To support the generation of interior designs, Liu et al. [20] developed a probabilistic hierarchical grammar to enable functional (rather than spatial) representation of an office environment. The aim was to support consistent segmentations, category labels, and functional groupings of 3D scenes that characterizes geometric properties, cardinalities, and spatial relationship in a hierarchical manner. A probabilistic grammar is used to automatically create consistent annotated scene graphs. Figure 2 illustrates an input scene mapped with labels and then converted into the hierarchical form using probabilistic grammar. A seven-dimensional descriptor (i.e., support and vertical relationships, horizontal separation, and overlap between objects) is used to describe the relationship between two objects. The dynamic programming for belief propagation was developed for scene parsing with optimal hierarchy. The technique creates candidate nodes based on spatial proximity, grammar binaries, and finds the optimal binary hierarchy which is converted to a logical hierarchy of the original grammar.

More recently, Sung et al. [21] reported the “ComplementMe” user interface that aims to seamlessly integrate suggested CAD models into the design process. A combination of embedding and retrieval neural network architectures are proposed for suggesting complementary functional and stylistic components and their placements within an incomplete 3D part assembly. The embedding network was used to map parts to a low-dimensional feature space, and the retrieval network was used to retrieve partial assemblies to appropriate components. The interface shows the possible candidates generated by sampling from the conditional probability distribution predicted by the retrieval network. The user could select a desired complementary component, and the algorithm predicts the location for it via the placement network. The new shape will be synthesized for the user, and the next component is proposed based on the modified assembly.

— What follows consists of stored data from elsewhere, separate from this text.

(* In the 1-sided False Negative regime, let $\mathcal{S}=\{E_1,\dots,E_k\}$ be a collection of $k$ sets of edges, each with a fixed cyclic order, and assume at least one set in $\mathcal{S}$ contains some realized edge. Consider the procedure DISCOVER$(\mathcal{S})$: repeat rounds; in each round, for $i=1,\dots,k$, query the next edge $e$ in the cyclic order of $E_i$, and if the answer is ``Yes'' return $e$. Then DISCOVER finds and returns a realized edge using at most $2k|E_f|$ queries in expectation, where $E_f$ is the set containing the found edge.
   Context: Noisy query model: each edge is either realized or not (fixed arbitrarily in advance). An oracle answers queries ``Is edge $e$ realized?'' with ``Yes''/``No''; each query costs $1$; answers to distinct queries (including repeated queries of the same edge) are independent. In the 1-sided False Negative regime: for a non-realized edge the answer is always ``No''; for a realized edge the answer is ``No'' with a constant probability $p<1/2$ and ``Yes'' with probability $1-p$. *)

theory Defs
  imports "HOL-Probability.Probability"
begin

text \<open>A collection S = {E_1,...,E_k} of edge sets, each with a fixed cyclic order, is a
list Es of k lists (E_i is Es ! i, 0-based). The queries of DISCOVER are numbered
t = 0,1,2,...: query t is made in round t div k, to set number t mod k, and asks the
(t div k)-th edge (cyclically) of that set.\<close>

definition query_set :: "'e list list \<Rightarrow> nat \<Rightarrow> nat" where
  "query_set Es t = t mod length Es"
(* Let $\sigma:[0,\infty)\to[0,\infty)$ be nondecreasing with $\lim_{t\to\infty}\sigma(t)=\infty$. Then $\alpha(\sigma)=\frac{1}{\gamma(\sigma)}$, where, since $\gamma(\sigma),\alpha(\sigma)\in[0,\infty]$, for the extreme values this means that $\gamma(\sigma)=\infty$ if and only if $\alpha(\sigma)=0$, and $\gamma(\sigma)=0$ if and only if $\alpha(\sigma)=\infty$.
   Context: For a measurable positive function $f$ on some $[A,\infty)$, its upper Matuszewska index is $\alpha(f):=\inf\{\alpha\in\mathbb{R}:\exists C_\alpha>0\ \forall\Lambda>1,\ \limsup_{x\to\infty}\sup_{\lambda\in[1,\Lambda]}\frac{f(\lambda x)}{\lambda^{\alpha}f(x)}\le C_\alpha\}$ (with $\inf\emptyset=\infty$); for $\sigma$ as in the claim, $\alpha(\sigma)$ means the index of the restriction of $\sigma$ to any $[A,\infty)$ with $A>0$ on which $\sigma>0$ (independent of $A$). For $\gamma>0$, say $(P_{\sigma,\gamma})$ holds if there is $K>1$ with $\limsup_{t\to\infty}\sigma(K^{\gamma}t)/\sigma(t)<K$; $\gamma(\sigma):=\sup\{\gamma>0:(P_{\sigma,\gamma})\text{ holds}\}$, and $\gamma(\sigma):=0$ if no $(P_{\sigma,\gamma})$ holds. *)

theory Defs
  imports "HOL-Analysis.Analysis"
begin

In conclusion, the literature on predictive design systems is largely focused on the creation of assemblies of 3D component models where frequently the positioning of suggested components is a manual task for the user. In contrast, the authors’ work is focused on the identification of shape features (i.e., fragments of an entire model that are patterns of geometry such as holes) that are appropriate to a location defined by the position of a user’s mouse pointer on the surface of a 3D object.

### 2.1 Marked Point Processes.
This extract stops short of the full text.